B EXPERIMENT DETAILS: MOLECULES

All experiments with SubTB(𝜆) are based upon the published code of Malkin et al. (2022) , which extends that of Bengio et al. (2021a) . The proxy model giving the reward, the held-out set of molecules used to compute the correlation metric, and the GFlowNet model architecture -a graph neural network -are identical to those in Bengio et al. (2021a) , and the off-policy exploration rate and early stopping likelihood are the same as those tuned for the training with the TB objective in (Some training runs terminated early because of numerical overflows in the gradients, in which case we report the metric of the last stable model whose cumulative number of batches is a multiple of 5000.)

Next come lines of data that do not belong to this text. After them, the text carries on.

definition convenient :: "(nat set \<Rightarrow> bfun set) \<Rightarrow> bool" where
  "convenient B \<longleftrightarrow>
     (\<forall>X. finite X \<longrightarrow> B X \<subseteq> Bool X) \<and>
     (\<forall>X Y \<sigma> f. finite X \<longrightarrow> bij_betw \<sigma> X Y \<longrightarrow> f \<in> B X \<longrightarrow> transport X \<sigma> Y f \<in> B Y) \<and>
     (\<lambda>_. 0) \<in> B {} \<and>
     (\<forall>X Y f g. finite X \<longrightarrow> finite Y \<longrightarrow> X \<inter> Y = {} \<longrightarrow> f \<in> B X \<longrightarrow> g \<in> B Y
        \<longrightarrow> star1 X f Y g \<in> B (X \<union> Y)) \<and>
     (\<forall>X Y f. finite X \<longrightarrow> Y \<subseteq> X \<longrightarrow> f \<in> B X \<longrightarrow> restr f Y \<in> B Y) \<and>
     (\<forall>X f r. finite X \<longrightarrow> f \<in> B X \<longrightarrow> r \<in> EW X f \<longrightarrow> quot X f r \<in> B (qset X r)) \<and>
     (\<forall>X f. finite X \<longrightarrow> f \<in> B X \<longrightarrow> EW X f = ES X f)"

end

theory Submission
  imports Defs
begin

C EXPERIMENT DETAILS: BIT SEQUENCES

The modes 𝑀 as well as the test sequences are selected as described in Malkin et al. (2022) . The policy for all methods is parameterized by a Transformer (Vaswani et al., 2017) with 3 layers, dimension 64, and 8 attention heads. All methods are trained for 50,000 iterations with minibatch size of 16 using Adam optimizer. For GFlowNets with FM objective as well as the baselines, we use the exact same implementation and hyperparameters reported in Malkin et al. (2022) . For TB and SubTB(𝜆), we pick the best learning rate from {0.0075, 0.001, 0.001, 0.003, 0.005} for forward logits, and for Z, use a learning rate of 10× the learning rate for forward logits. For SubTB(𝜆), we found the best 𝜆 value of 1.9 from the values {0.8, 0.9, 1.1, 1.3, 1.5, 1.7, 1.9, 2.0}.

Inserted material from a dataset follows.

(* Let $n\ge2$, $G=\langle a_1,\ldots,a_n\mid a_1^2\cdots a_n^2\rangle$, $p=a_1^2\cdots a_n^2$, and let $P$ be the free resolution $0\to P_2\xrightarrow{d_2}P_1\xrightarrow{d_1}P_0\xrightarrow{\varepsilon}\mathbb{Z}\to0$ of $\mathbb{Z}$ over $\mathbb{Z}G$ with $P_0=\mathbb{Z}G\,x$, $P_1$ free on $y_1,\ldots,y_n$, $P_2=\mathbb{Z}G\,w$, $\varepsilon(x)=1$, $d_1(y_i)=(a_i-1)x$, $d_2(w)=\sum_{i=1}^n\frac{\partial p}{\partial a_i}y_i$. Then there is a diagonal approximation $\Delta\colon P\to P\otimes P$ such that $\Delta_0(x)=x\otimes x$, $\Delta_1(y_i)=y_i\otimes a_ix+x\otimes y_i$, $\Delta_{02}(w)=x\otimes w$, and \begin{align*} \Delta_{11}(w)=\sum_{i=1}^n\Bigl[&\Bigl(\sum_{j=1}^{i-1}(a_1^2\cdots a_{j-1}^2)(1+a_j)y_j\otimes(a_1^2\cdots a_{i-1}^2)y_i\Bigr)\\ &+\Bigl(\sum_{j=1}^{i-1}(a_1^2\cdots a_{j-1}^2)(1+a_j)y_j\otimes(a_1^2\cdots a_{i-1}^2)a_iy_i\Bigr)\\ &+(a_1^2\cdots a_{i-1}^2)y_i\otimes(a_1^2\cdots a_{i-1}^2)a_iy_i\Bigr]. \end{align*}
   Context: Fox derivatives: $\partial g_j/\partial g_i=\delta_{ij}$, $\partial(uv)/\partial g_i=\partial u/\partial g_i+u\,\partial v/\partial g_i$, then passed to $\mathbb{Z}G$. $P\otimes P$ has $(P\otimes P)_m=\bigoplus_{r+s=m}P_r\otimes_{\mathbb{Z}}P_s$ with diagonal $G$-action, differential $\partial(u\otimes v)=du\otimes v+(-1)^ru\otimes dv$ ($u\in P_r$) and augmentation $\varepsilon\otimes\varepsilon$. A diagonal approximation is a $\mathbb{Z}G$-chain map $\Delta\colon P\to P\otimes P$ with $(\varepsilon\otimes\varepsilon)\Delta_0=\varepsilon$; $\Delta_{rs}$ is $\Delta_{r+s}$ followed by projection onto $P_r\otimes P_s$. Empty products equal $1$ and empty sums $0$. *)

theory Defs
  imports "HOL-Algebra.Group" "HOL-Library.Function_Algebras"
begin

D EXPERIMENT DETAILS: ANTIMICROBIAL PEPTIDE GENERATION

Following Malkin et al. (2022) we use the following amino acids: ['A', 'C', 'D', 'E', 'F', 'G', 'H', 'I', 'K', 'L', 'M', 'N', 'P', 'Q', 'R', 'S', 'T', 'V', 'W', 'Y']. We take 6438 known AMP sequences and 9522 non-AMP sequences from the DBAASP database Pirtskhalava et al. (2021) . The classifier that serves as the proxy reward function is trained on this dataset, using 20% of the data as the validation set. The reward model is a Transformer, with 4 hidden layers, hidden dimension 64, and 8 attention heads. We train it with a minibatch of size 256, with learning rate 10 -4 , and with early stopping on the validation set. We use a Transformer with 3 hidden layers with hidden dimension 64 with 8 attention heads as the architecture of the policy for all methods. All methods are trained for 20, 000 iterations, with a minibatch size of 16, using the reported hyperparameters for all the baselines from (Malkin et al., 2022) . For TB and SubTB(𝜆), we pick the best learning rates from {0.005, 0.007, 0.01, 0.03, 0.05, 0.07} for forward logits and from {0.007, 0.01, 0.03, 0.05} for log 𝑍. For SubTB(𝜆), the best performing 𝜆 value of 1.9 chosen from {0.9, 0.99, 1.1, 1.2, 1.3, 1.4, 1.6, 1.7, 1.8, 1.9, 2.0} is used.

E EXPERIMENT DETAILS: FLUORESCENT PROTEIN GENERATION

We consider a variant of the GFP task from Trabucco et al. (2022) . The vocabulary of amino acids is the same as §D: ['A', 'C', 'D', 'E', 'F', 'G', 'H', 'I', 'K', 'L', 'M', 'N', 'P', 'Q', 'R', 'S', 'T', 'V', 'W', 'Y']. Following Trabucco et al. (2022) , we consider the dataset of 56,086 proteins from Sarkisyan et al. ( 2016) processed based on Brookes et al. (2019) . Each protein is accompanied by a score quantifying its fluorescence. As with the AMP data, we keep 20% of the data as a validation set used for early-stopping. The regressor trained with the dataset is a Transformer, with 4 hidden layers, hidden dimension 64, and 8 attention heads. We train it with a minibatch of size 256, with learning rate 10 -4 , with early stopping on the validation set. The architecture of the policy for all methods is a Transformer with 3 hidden layers with hidden dimension 64 with 8 attention heads. All methods are trained for 20, 000 iterations, with a minibatch size of 16. We use the same implementation for all methods as the ones used in §D.